Re: some comments on your ideas [Was: Re: Calm on the GGI water]

Linus Torvalds (torvalds@transmeta.com)
Wed, 1 Apr 1998 16:50:15 -0800 (PST)


On Wed, 1 Apr 1998, Torgeir Veimo wrote:
>
> If I'm not taking up your time too much, I'm interested in your ideas on
> this basic DMA interface.

I don't know enough about the basic requirements for most of the really
interesting cards to be able to say much..

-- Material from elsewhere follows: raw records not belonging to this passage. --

(* Let $p$ be a prime. Every group of order $p$, $p^2$ or $p^3$ has the property that each of its non-abelian subgroups $H$ satisfies $C_G(H)\le H$. A group $G$ of order $p^4$ has this property if and only if $G$ is abelian, or $G$ has maximal class (nilpotency class $3$), or $\Phi(G)=Z(G)$.
   Context: $C_G(H)$ denotes the centralizer of $H$ in $G$, $\Phi(G)$ the Frattini subgroup and $Z(G)$ the center. *)

theory Defs
  imports "HOL-Algebra.Algebra"
begin

definition centralizer :: "('a, 'b) monoid_scheme \<Rightarrow> 'a set \<Rightarrow> 'a set" where
  "centralizer G H = {g \<in> carrier G. \<forall>h \<in> H. g \<otimes>\<^bsub>G\<^esub> h = h \<otimes>\<^bsub>G\<^esub> g}"

definition group_center :: "('a, 'b) monoid_scheme \<Rightarrow> 'a set" where
  "group_center G = centralizer G (carrier G)"

definition maximal_subgroup :: "('a, 'b) monoid_scheme \<Rightarrow> 'a set \<Rightarrow> bool" where
  "maximal_subgroup G M \<longleftrightarrow> subgroup M G \<and> M \<noteq> carrier G \<and>
     (\<forall>K. subgroup K G \<and> M \<subseteq> K \<longrightarrow> K = M \<or> K = carrier G)"

definition frattini :: "('a, 'b) monoid_scheme \<Rightarrow> 'a set" where
  "frattini G = carrier G \<inter> \<Inter> {M. maximal_subgroup G M}"

definition commutator_subgroup :: "('a, 'b) monoid_scheme \<Rightarrow> 'a set \<Rightarrow> 'a set \<Rightarrow> 'a set" where
  "commutator_subgroup G A B = generate G
     (\<Union>a \<in> A. \<Union>b \<in> B. {a \<otimes>\<^bsub>G\<^esub> b \<otimes>\<^bsub>G\<^esub> inv\<^bsub>G\<^esub> a \<otimes>\<^bsub>G\<^esub> inv\<^bsub>G\<^esub> b})"

text \<open>Lower central series: lcs G 0 = G = gamma_1, lcs G (Suc i) = [lcs G i, G].\<close>
primrec lower_central :: "('a, 'b) monoid_scheme \<Rightarrow> nat \<Rightarrow> 'a set" where
  "lower_central G 0 = carrier G"
| "lower_central G (Suc i) = commutator_subgroup G (lower_central G i) (carrier G)"

definition nilpotency_class :: "('a, 'b) monoid_scheme \<Rightarrow> nat \<Rightarrow> bool" where
  "nilpotency_class G c \<longleftrightarrow> lower_central G c = {\<one>\<^bsub>G\<^esub>} \<and>
     (\<forall>i < c. lower_central G i \<noteq> {\<one>\<^bsub>G\<^esub>})"

definition set_commutes :: "('a, 'b) monoid_scheme \<Rightarrow> 'a set \<Rightarrow> bool" where
  "set_commutes G H \<longleftrightarrow> (\<forall>x \<in> H. \<forall>y \<in> H. x \<otimes>\<^bsub>G\<^esub> y = y \<otimes>\<^bsub>G\<^esub> x)"

definition CC_property :: "('a, 'b) monoid_scheme \<Rightarrow> bool" where
  "CC_property G \<longleftrightarrow> (\<forall>H. subgroup H G \<and> \<not> set_commutes G H \<longrightarrow> centralizer G H \<subseteq> H)"

end

theory Submission
  imports Defs
begin

text \<open>
  In a p-group the centre is nontrivial (the class equation), and a nonabelian group satisfies
  \<open>p\<^sup>2 |Z(G)| \<le> |G|\<close> because \<open>Z(G) < C\<^sub>G(x) < G\<close> for noncentral \<open>x\<close>. Hence groups of order at
  most \<open>p\<^sup>2\<close> are abelian, a nonabelian subgroup has order at least \<open>p\<^sup>3\<close>, and for \<open>|G| \<le> p\<^sup>3\<close>
  a nonabelian subgroup is \<open>G\<close> itself.

  Let \<open>|G| = p\<^sup>4\<close> be nonabelian. If the property fails for \<open>H\<close>, then \<open>|H| = p\<^sup>3\<close> and an element of
  \<open>C\<^sub>G(H) - H\<close> centralizes the maximal subgroup \<open>H\<close> and itself, so it is central; thus \<open>G = Z(G)H\<close>
  with \<open>H\<close> maximal and \<open>Z(G) \<not>\<subseteq> H\<close>. This is impossible if \<open>\<Phi>(G) = Z(G)\<close>, and if \<open>G\<close> has class 3,
  since then every commutator of \<open>G\<close> is one of \<open>H\<close>, central because \<open>|H| = p\<^sup>3\<close>, giving class 2.
  Conversely \<open>|Z(G)| \<in> {p, p\<^sup>2}\<close>. If \<open>|Z(G)| = p\<close>, then \<open>G/Z(G)\<close> of order \<open>p\<^sup>3\<close> has class at most 2,
  so \<open>G\<close> has class at most 3, and class 2 is excluded by counting centralizers. If \<open>|Z(G)| = p\<^sup>2\<close>,
  centralizers of noncentral elements are maximal, so \<open>\<Phi>(G) \<subseteq> Z(G)\<close>; and a maximal \<open>M\<close> missing
  part of \<open>Z(G)\<close> satisfies \<open>G = Z(G)M\<close>, so \<open>M\<close> is nonabelian and \<open>Z(G) \<subseteq> C\<^sub>G(M) \<subseteq> M\<close>.
\<close>

abbreviation commutator :: "('a, 'b) monoid_scheme \<Rightarrow> 'a \<Rightarrow> 'a \<Rightarrow> 'a" where
  "commutator G x y \<equiv> x \<otimes>\<^bsub>G\<^esub> y \<otimes>\<^bsub>G\<^esub> inv\<^bsub>G\<^esub> x \<otimes>\<^bsub>G\<^esub> inv\<^bsub>G\<^esub> y"
(* For every $n\ge1$, no proper subset of $F_n$ that contains both $a_1$ and $a_{5n+3}$ is full. Consequently (since $F_n$ is full) the geodesic between $a_1$ and $a_{5n+3}$ in $F_n$, i.e. the smallest full subset of $F_n$ containing both points, is all of $F_n$, which has $5n+4$ points.
   Context: Let $X_1,X_2,X_3$ be pairwise disjoint nonempty sets and $\Omega=X_1\times X_2\times X_3$, with projections $\Pi_i:\Omega\to X_i$. A set $S\subset\Omega$ is good if every function $f:S\to\mathbb C$ can be written $f(w_1,w_2,w_3)=u_1(w_1)+u_2(w_2)+u_3(w_3)$ for all $(w_1,w_2,w_3)\in S$, for some functions $u_i:X_i\to\mathbb C$. A set $S$ is full if it is a maximal good subset of $\Pi_1S\times\Pi_2S\times\Pi_3S$. Construction: fix pairwise distinct elements $x_1,y_1,\alpha_{5k-4},\alpha_{5k-1}$ ($k\ge1$) of $X_1$; pairwise distinct elements $x_2,y_2,\alpha_{5k-3},\alpha_{5k}$ ($k\ge1$) of $X_2$; pairwise distinct elements $x_3,z_3,\alpha_{5k-2}$ ($k\ge1$) of $X_3$. Set the convention $\alpha_{-3}:=y_2$, $\alpha_{-2}:=z_3$. Define $a_1=(x_1,x_2,x_3)$, $a_2=(y_1,y_2,x_3)$, $a_3=(y_1,x_2,z_3)$ and for $n\ge1$: $a_{5n-1}=(\alpha_{5n-4},\alpha_{5n-3},\alpha_{5n-2})$, $a_{5n}=(\alpha_{5n-1},\alpha_{5n},\alpha_{5n-2})$, $a_{5n+1}=(\alpha_{5n-4},\alpha_{5n},\alpha_{5n-7})$, $a_{5n+2}=(\alpha_{5n-1},\alpha_{5n-3},x_3)$, $a_{5n+3}=(x_1,\alpha_{5n-8},\alpha_{5n-2})$. Let $D_n=\{a_1,\dots,a_{5n+3}\}$, $b_n=(\alpha_{5n-1},y_2,z_3)$ and $F_n=D_n\cup\{b_n\}$. *)

theory Defs
  imports Complex_Main
begin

> I see two options: one is to support cards that can do DMA directly. The
> other is to have two pages with one mapped to userspace at a time and
> have the kernel flush the other (usually through the cards FIFO).
>
> Asking for this DMA interface could probably be supported by having an
> ioctl on /dev/fb (using fbcon).

I'd prefer not having /dev/fb be involved at all, more a system-call like
approach that would be in two parts:

- the user would ask for a DMA-able memory region (of some size, possibly
larger than a page, but definitely not much larger than say 16kB).
- the kernel would give the user the area at some specified virtual
address, and return the physical address

With the above you can already make bus-master cards happy completely from
user space (modulo interrupts when they are ready).

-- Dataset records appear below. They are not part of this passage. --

(* Fix $L\ge1$. (a) $(2^\omega,(g^L_n|_{\mathbb{D}^L_n})_{n\in\omega})$ is a strongly complex situation. (b) If $s\in\omega^{<\omega}$ is strictly increasing with $2\le|s|\le L$, $\alpha\in\mathbb{D}^L_{s(|s|-1)}$, and $g_s(\alpha)$, $g_{s^-}(\alpha)$ are both defined, then $g_s(\alpha)\ne g_{s^-}(\alpha)$. (c) If $s\in\omega^{<\omega}$ is strictly increasing with $|s|=L+1$ and $g_s(\alpha)$, $g_{s^-}(\alpha)$ are both defined, then $g_s(\alpha)=g_{s^-}(\alpha)$.
   Context: Let $\psi:\omega\to2^{<\omega}$ enumerate finite binary sequences by length then lexicographically. Let $q_0=0$, $q_{n+1}=3\cdot2^{q_n}$, $t_n:=\psi(n)0^{2^{q_n}-|\psi(n)|}$, $S_n:=\{2^{q_n}j:j\ge1\}$, $N_t=\{\alpha\in 2^\omega:t\subseteq\alpha\}$. Define $\theta$ on $\{j\ge1\}$ depending on $L$: if $L=1$, $\theta(j)=2j+1$; if $L\ge2$, with $P_L:=\{2^p3^l:p\in\omega,l<L-2\}$ and $M_L:=\{2^{31}\cdot3\cdot k:k\ge1,k\notin P_L\}$, $\theta(j)=3j$ if $j\notin M_L\cup(M_L+1)$, $3j+3$ if $j\in M_L$, $3j-3$ if $j\in M_L+1$. Let $\theta_n(k)=k$ for $k\notin S_n$ and $\theta_n(2^{q_n}j)=2^{q_n}\theta(j)$. Define $g_n=g^L_n:N_{t_n0}\to N_{t_n1}$ by $g_n(\alpha)(k)=1$ if $k=2^{q_n}$, $g_n(\alpha)(k)=\alpha(\theta_n(k))$ otherwise. Let $\mathbb{D}^1_n:=N_{t_n0}$ and for $L\ge2$, $\mathbb{D}^L_n:=\{\alpha\in N_{t_n0}:\forall m\le n\ \alpha(2^{q_n}3^m)\ne\alpha(2^{q_n}3^{m+1})\}$. For $s\in\omega^{<\omega}$ nonempty, $g_s:=g_{s(0)}\circ\dots\circ g_{s(|s|-1)}$ (partial composition) and $s^-:=(s(0),\dots,s(|s|-2))$. A strongly complex situation is $(X,(f_n))$ with $X$ a nonempty zero-dimensional perfect Polish space, each $f_n$ a partial continuous open map with clopen domain and range, $\Delta(X)\subseteq\overline{\bigcup_n\mathrm{Graph}(f_n)}\setminus\bigcup_n\mathrm{Graph}(f_n)$, and the restriction of any $f_n$ to any nonempty open subset of its domain not countable-to-one. *)

theory Defs
  imports "HOL-Analysis.Analysis"
begin
(* Let $\mathfrak u(n)$ be the real vector space of skew-Hermitian $n\times n$ complex matrices with the Frobenius inner product $\langle a,b\rangle=\operatorname{Re}\operatorname{tr}(a^\dagger b)$ and norm $\|\cdot\|$, and let $g$ be a vector field on $\mathfrak u(n)$. For $z\in\mathfrak u(n)$ with distinct nonzero eigenvalues, write uniquely $g(z)=[L,z]+Pz$ with $L$ in the range of $K\mapsto[K,z]$ and $P$ commuting with $z$ (then $L$ is skew-Hermitian and $P$ Hermitian), write $L(z),P(z)$ for these, and set $M(z):=-L(z)+\tfrac12P(z)$ (so $M(z)^\dagger=L(z)+\tfrac12P(z)$ and $g(z)=M(z)^\dagger z+zM(z)$). Let $b_1,\dots,b_s$, $h>0$, and $z_0,z_1,Z_1,\dots,Z_s\in\mathfrak u(n)$, each $Z_i$ having distinct nonzero eigenvalues, satisfy \[ Z_i = z_0 + h\sum_{j=1}^{i-1}b_jg(Z_j) + \frac h2 b_ig(Z_i) - \frac{h^2}{4}b_i^2M(Z_i)^\dagger Z_iM(Z_i),\qquad z_1 = z_0 + h\sum_{i=1}^s b_ig(Z_i). \] Then \[ \tfrac12\|z_1\|^2 = \tfrac12\|z_0\|^2 - h\sum_{i=1}^s b_i\operatorname{tr}\bigl(Z_iP(Z_i)Z_i\bigr) - \frac{h^3}{4}\sum_{i=1}^s b_i^3\operatorname{tr}\bigl(M(Z_i)^\dagger Z_iP(Z_i)Z_iM(Z_i)\bigr). \] In particular, when $g(z)=[M(z)^\dagger,z]$, so that $P=0$, the Frobenius norm is conserved: $\|z_1\|=\|z_0\|$.
   Context: $A^\dagger$ denotes the conjugate transpose; $[A,B]=AB-BA$. For $z$ with distinct nonzero eigenvalues, every matrix $K$ decomposes uniquely as $K=[L,z]+Pz$ with $L$ in the range of $X\mapsto[X,z]$ and $P$ in its kernel (matrices commuting with $z$); in the eigenbasis of $z$ this is the splitting of $K$ into off-diagonal and diagonal parts. *)

theory Defs
  imports "HOL-Analysis.Analysis"
begin

type_synonym 'n cmat = "complex^'n^'n"

definition cadj :: "'n::finite cmat \<Rightarrow> 'n cmat" where
  "cadj A = (\<chi> i j. cnj (A $ j $ i))"

definition comm :: "'n::finite cmat \<Rightarrow> 'n cmat \<Rightarrow> 'n cmat" where
  "comm A B = A ** B - B ** A"

definition skew_hermitian :: "'n::finite cmat \<Rightarrow> bool" where
  "skew_hermitian A \<longleftrightarrow> cadj A = - A"

definition frob_inner :: "'n::finite cmat \<Rightarrow> 'n cmat \<Rightarrow> real" where
  "frob_inner A B = Re (trace (cadj A ** B))"

definition frob_norm :: "'n::finite cmat \<Rightarrow> real" where
  "frob_norm A = sqrt (frob_inner A A)"

definition is_eigenvalue :: "'n::finite cmat \<Rightarrow> complex \<Rightarrow> bool" where
  "is_eigenvalue A c \<longleftrightarrow> (\<exists>v. v \<noteq> 0 \<and> A *v v = c *s v)"

definition distinct_nonzero_eigs :: "'n::finite cmat \<Rightarrow> bool" where
  "distinct_nonzero_eigs A \<longleftrightarrow>
     card {c. is_eigenvalue A c} = CARD('n) \<and> \<not> is_eigenvalue A 0"
lemma iomr_row_prefix_with_column:
  assumes "i < n" and "i \<noteq> k" and "D k k = 0" and "q \<le> i"
  shows "\<exists>v. foldl (\<lambda>X j. iomr_relax k i j X) (with_column n k c D) [0..<q]
      = with_column n k (c(i := v)) D
    \<and> c i \<le> v \<and> (\<forall>j<q. j \<noteq> k \<longrightarrow> D i j \<le> v + c j)
    \<and> (v = c i \<or> (\<exists>j<q. j \<noteq> k \<and> v = D i j - c j))"
  using assms(4)
proof (induction q)
  case 0
  show ?case
    by (intro exI[of _ "c i"]) simp
next
  case (Suc q)
  then have "q < i"
    by simp
  with Suc.IH obtain v where fold: "foldl (\<lambda>X j. iomr_relax k i j X) (with_column n k c D) [0..<q]
      = with_column n k (c(i := v)) D"
    and ge: "c i \<le> v" and tri: "\<forall>j<q. j \<noteq> k \<longrightarrow> D i j \<le> v + c j"
    and wit: "v = c i \<or> (\<exists>j<q. j \<noteq> k \<and> v = D i j - c j)"
    by (meson less_imp_le)
  define X where "X = with_column n k (c(i := v)) D"
  have "X i q = (if q = k then v else D i q)" and "X k q = (if q = k then 0 else c q)"
    using assms \<open>q < i\<close> by (auto simp: X_def with_column_def)
  then have relax: "iomr_relax k i q X = with_column n k
      (if q \<noteq> k \<and> D i q > v + c q then c(i := D i q - c q) else c(i := v)) D"
    using iomr_relax_with_column[OF assms(1,2), where c = "c(i := v)" and D = D and j = q]
    by (auto simp: X_def)
  have fold_Suc: "foldl (\<lambda>X j. iomr_relax k i j X) (with_column n k c D) [0..<Suc q]
      = iomr_relax k i q X"
    using fold by (simp add: X_def)
  show ?case
  proof (cases "q \<noteq> k \<and> D i q > v + c q")
    case True
    with fold_Suc relax have "foldl (\<lambda>X j. iomr_relax k i j X) (with_column n k c D) [0..<Suc q]
        = with_column n k (c(i := D i q - c q)) D"
      by simp
    moreover have "\<forall>j<Suc q. j \<noteq> k \<longrightarrow> D i j \<le> (D i q - c q) + c j"
      using True tri by (auto simp: less_Suc_eq)
    moreover have "c i \<le> D i q - c q"
      using True ge by simp
    moreover have "\<exists>j<Suc q. j \<noteq> k \<and> D i q - c q = D i j - c j"
      using True by blast
    ultimately show ?thesis
      by blast
  next
    case False
    with fold_Suc relax have "foldl (\<lambda>X j. iomr_relax k i j X) (with_column n k c D) [0..<Suc q]
        = with_column n k (c(i := v)) D"
      by simp
    moreover have "\<forall>j<Suc q. j \<noteq> k \<longrightarrow> D i j \<le> v + c j"
      using False tri by (auto simp: less_Suc_eq)
    moreover have "v = c i \<or> (\<exists>j<Suc q. j \<noteq> k \<and> v = D i j - c j)"
      using wit less_SucI by blast
    ultimately show ?thesis
      using ge by blast
  qed
qed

In addition, there would be a second part for any cards that actually use
the motherboard DMA engine (which is fairly slow and broken, but the card
designer may not have wanted to do busmastering), which would be more of a
"setup_dma()" system call using the above buffer.

> With modern PCI based cards with proper registers one wouldn't need to
> consider the interface that XAA deals with in any circumstance, since
> the XAA driver would only use the DMA interface to send commands to the
> card.

Right. I would really not like to have the kernel involved very much at
all. With _most_ well designed cards it should be enough for the
application to just have a small private area that it can point the video
card at, and then it probes the video card shared memory (or IO access) to
initiate the bus master cycles.

So with a good card you'd never actually go into the kernel to start up
the DMA - you'd only ask the kernel to allocate the area for you (once, at
startup). After that the user program can do everything on its own.

Note that I'd really like to keep this separate from /dev/fb, because the
DMA issue might be useful for other stand-along things (video grabbers,
scanners, frame-grabbers, audio, high-speed IEEE ports etc).